Circula un chascarrillo cibernético que dice que es la
hora de que los alumnos del conservatorio demuestren que es verdad aquello que
siempre dicen de que en casa les salía. Las clases telemáticas son lo que son,
pero es mejor que nada. Me gusta ver los vídeos que me envían mis alumnos por
ClassDojo, me ayudan a mantenerme en el mundo, a saber si es jueves o viernes.
Hay algo bonito en verles tocar en su habitación, con las zapatillas, los
peluches de fondo y el guirigay alrededor. Veo los vídeos y comento: esto bien,
no lo toques más; esto para repasar por esto y esto. En general soy más
indulgente, y paso algunos estudios que en clase no habría pasado. Como no se
puede apreciar la calidad del sonido, la doy por buena.

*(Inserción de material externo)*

(* Let $h,h'\in\mathbf N$, $w=x_1\cdots x_k\in\{x,y\}^*$, $s$ a right-infinite and $s'$ a left-infinite word over $\{x,y\}$ such that ${}^ts=s'\,x\,y^{h'}\,x\,w$ and ${}^ts'=w\,y\,x^h\,y\,s$, and suppose the frontier $f=s'\,x y^{h'} x\,w\,y x^h y\,s$ is admissible. Embed $f$ and let $t$ be the $SL_2$-tiling with values in $\mathbf N$ extending it. Let $P_0,\dots,P_k$ be the successive path points along the factor $w$ (so $P_0$ precedes $x_1$, $P_j$ lies between $x_j$ and $x_{j+1}$, $P_k$ follows $x_k$), and $b(j,n)=t(P_j+n(1,-1))$. Let $I$ be the path point between $x^h$ and the following $y$ in $yx^hy$, $I'$ the path point between the first $x$ and $y^{h'}$ in $xy^{h'}x$, $J=I+(0,-1)$, $K=I+(0,-2)$, $J'=I'+(1,0)$, $K'=I'+(2,0)$, and put $i_n=t(I+n(1,0))$, $i'_n=t(I'+n(0,-1))$, $j_n=t(J+n(1,-1))$, $k_n=t(K+n(1,-1))$, $j'_n=t(J'+n(1,-1))$, $k'_n=t(K'+n(1,-1))$. Then for all $n\in\mathbf N$: $j_n=(h+1)i_n^2$, $k_n+1=(h+1)i_ni_{n+1}$, $j'_n=(h'+1){i'_n}^2$, $k'_n+1=(h'+1)i'_ni'_{n+1}$; and for $j=1,\dots,k-1$, $b(j,n)b(j,n+1)=1+B$ where $B=b(j-1,n+1)b(j+1,n)$ if $x_jx_{j+1}=xx$; $B=b(j-1,n+1)b(j+1,n+1)$ if $x_jx_{j+1}=xy$; $B=b(j-1,n)b(j+1,n)$ if $x_jx_{j+1}=yx$; $B=b(j-1,n)b(j+1,n+1)$ if $x_jx_{j+1}=yy$.
   Context: Cartesian coordinates on $\mathbf Z^2$. The transpose ${}^tw$ of a word reverses it and exchanges $x$ and $y$ (transposes of right-infinite words are left-infinite and vice versa). A frontier is a bi-infinite word over $\{x,y\}$, admissible if neither half is ultimately constant; it is embedded as lattice points with each letter $x$ a step $(1,0)$ and each letter $y$ a step $(0,1)$. The extending $SL_2$-tiling is the unique $t:\mathbf Z^2\to\mathbf N$ with $t(a,b+1)t(a+1,b)-t(a,b)t(a+1,b+1)=1$ for all $(a,b)$ and $t=1$ on the path points. *)

theory Defs
  imports Main
begin

datatype letter = X | Y

fun swap_letter :: "letter \<Rightarrow> letter" where
  "swap_letter X = Y" | "swap_letter Y = X"
(* Let $I$ be a countable index set and $(M_i)_{i\in I}$ countable $L$-structures, and let $M=\prod_{i\in I}M_i$, viewed as a two-sorted structure in the Feferman–Vaught language: one sort is the product $\prod_i M_i$, the other is the Boolean algebra $\mathcal P(I)$ with its Boolean operations, and for each $L$-formula $\phi(x_1,\dots,x_n)$ there is a function $[\phi]:(\prod_i M_i)^n\to\mathcal P(I)$ with $[\phi](a_1,\dots,a_n)=\{i\in I: M_i\models\phi(a_1(i),\dots,a_n(i))\}$. Equip $\prod_i M_i$ with the product topology of the discrete spaces $M_i$ (a Polish space). Then every equivalence relation on $(\prod_i M_i)^n$ that is definable without parameters in this structure is smooth.
   Context: An equivalence relation $E$ on a standard Borel space $Z$ is smooth if there is a Borel map $\theta$ from $Z$ into a Polish space with $x\,E\,y\iff\theta(x)=\theta(y)$. *)

theory Defs
  imports "HOL-Analysis.Analysis"
begin

definition Polish_space :: "'a topology \<Rightarrow> bool" where
  "Polish_space X \<longleftrightarrow> completely_metrizable_space X \<and> separable_space X"

definition borel_of :: "'a topology \<Rightarrow> 'a measure" where
  "borel_of X = sigma (topspace X) {U. openin X U}"

text \<open>The Polish target
  space is taken to live on the type real; since every Polish space has cardinality at
  most the continuum it can be transported onto a subset of real, so this is no loss.\<close>
definition smooth_rel :: "'a topology \<Rightarrow> ('a \<times> 'a) set \<Rightarrow> bool" where
  "smooth_rel X E \<longleftrightarrow>
     (\<exists>(Y :: real topology) \<theta>. Polish_space Y \<and>
        \<theta> \<in> borel_of X \<rightarrow>\<^sub>M borel_of Y \<and>
        (\<forall>x\<in>topspace X. \<forall>y\<in>topspace X. (x, y) \<in> E \<longleftrightarrow> \<theta> x = \<theta> y))"

datatype 'f trm = Var nat | Fn 'f "'f trm list"

datatype ('f, 'r) fm =
    Falsum
  | Equal "'f trm" "'f trm"
  | Rel 'r "'f trm list"
  | Neg "('f, 'r) fm"
  | Conj "('f, 'r) fm" "('f, 'r) fm"
  | Exi nat "('f, 'r) fm"

record ('f, 'r, 'a) lstruct =
  dom :: "'a set"
  fun_int :: "'f \<Rightarrow> 'a list \<Rightarrow> 'a"
  rel_int :: "'r \<Rightarrow> 'a list \<Rightarrow> bool"
lemma trace_Phi_le_Bval: "b < 2^n \<Longrightarrow> cmod (trace (Phi n W b * traceless n Ob)) \<le> Bval n Ob W"
  unfolding Bval_def by (rule Max_ge) auto

lemma Bval_nonneg: "0 \<le> Bval n Ob W"
proof -
  have "cmod (trace (Phi n W 0 * traceless n Ob)) \<le> Bval n Ob W"
    by (rule trace_Phi_le_Bval) simp
  then show ?thesis by (meson norm_ge_zero order_trans)
qed

lemma Bsum_nonneg: "0 \<le> Bsum n U Ob"
  unfolding Bsum_def by (rule sum_nonneg) (rule Bval_nonneg)

lemma Bval_le_sum_conj_Z:
  assumes W: "unitary_mat n W" and Ob: "Ob \<in> carrier_mat (2^n) (2^n)"
    and Q: "\<And>z. z < 2^n \<Longrightarrow> \<exists>d. cmod d = 1 \<and> mat_adjoint W * XZ n 0 z * W = d \<cdot>\<^sub>m Q z"
  shows "Bval n Ob W \<le> (\<Sum>z\<in>{1..<2^n}. cmod (trace (Q z * traceless n Ob))) / 2^n"
  unfolding Bval_def
  using trace_Phi_le_sum_conj_Z[OF W traceless_carrier[OF Ob] trace_traceless[OF Ob] Q]
  by (intro Max.boundedI) (auto simp: lessThan_empty_iff)

lemma Bsum_le_stab_norm:
  assumes irr: "irreducible P" and n: "degree P = n"
    and U: "mub_unitaries P n U" and Ob: "Ob \<in> carrier_mat (2^n) (2^n)"
  shows "Bsum n U Ob \<le> stab_norm n (traceless n Ob)"
proof -
  define h where "h p = cmod (trace (case_prod (pauli n) p * traceless n Ob))" for p
  let ?L = "case_prod (pauli_label P)" and ?I = "Idx n \<times> {1..<2^n}"
  have Uu: "\<forall>v<2^n. unitary_mat n (U v)" using U unfolding mub_unitaries_def by blast
  have "Bval n Ob (ens n U k) \<le> (\<Sum>z\<in>{1..<2^n}. h (pauli_label P k z)) / 2^n"
    if k: "k \<in> Idx n" for k
    unfolding h_def by (rule Bval_le_sum_conj_Z[OF unitary_ens[OF Uu k] Ob ens_conj_Z[OF n U k]])
  then have "Bsum n U Ob \<le> (\<Sum>k\<in>Idx n. (\<Sum>z\<in>{1..<2^n}. h (pauli_label P k z)) / 2^n)"
    unfolding Bsum_def by (rule sum_mono)
  also have "\<dots> = (\<Sum>p\<in>?L ` ?I. h p) / 2^n"
    using sum.reindex[OF pauli_label_inj_on[OF irr n], of h]
    by (simp add: sum_divide_distrib[symmetric] sum.cartesian_product split_def)
  also have "\<dots> \<le> (\<Sum>p\<in>{..<2^n} \<times> {..<2^n}. h p) / 2^n"
    using pauli_label_less_exp[OF n]
    by (intro divide_right_mono sum_mono2) (auto simp: h_def image_subset_iff)
  also have "\<dots> = stab_norm n (traceless n Ob)"
    unfolding stab_norm_def h_def by (simp add: sum_Paulis)
  finally show ?thesis .
qed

Todos necesitamos
pequeñas alegrías en estos días. Estoy en ello cuando aparecen Laura y Andrea
con mi regalo por el día del padre: unos llaveros con un dibujo suyo plastificado,
y envueltos en un folio doblado y pintado. Quiero llorar.
La saturación mental a lo largo del día es importante.
Fundamental la siesta. Tiempo para leer, eso es lo bueno, pero cosas sueltas,
poesía por la mañana y prosa por la noche (por el día depende). Picoteo en antologías, artículos, diarios, cosas divertidas a poder ser,
las impertinencias de Torres Villarroel, cosillas de Mesonero Romanos o los desopilantes
“Cuentos de ayer y de hoy” de Ramón Carnicer. Y para dormir a las niñas, esa
maravilla que son los cuentos de Antón Retaco, tan de verdad, tan bellos y tan
tristes, que lo uno va con lo otro. Los encontré en el rastro, en la edición con
los dibujos de Pilarín Bayés, que es la que había en la casa de León, a un euro
cada tomo, seis en total. Leérselos es leer mi infancia (y qué tesoro) volver a
ver a mis amigos, la mona Carantoña, los perros Can can y Tuso, la cabra
Rubicana, que acaba de tener un chivito, el caballo Cascabillo, que echa de
menos los caminos, los padres de Antón, el titán Plácido Recio y doña Martita Gorgojo, la buena de Ludivina, el tío Badajo, que no quiso quedarse en Villavieja y tiró por el camino de las
montañas hacia el mar, con su clarinete y su poesía: “Pasa y pasa el que camina
y el mundo no se termina: ¿Dónde acaba? ¿Dónde empieza? No tiene pies ni cabeza;
ancho y alto, largo y hondo, qué bien hecho y qué redondo. A pasar, a pasar a
los caminos del mar.”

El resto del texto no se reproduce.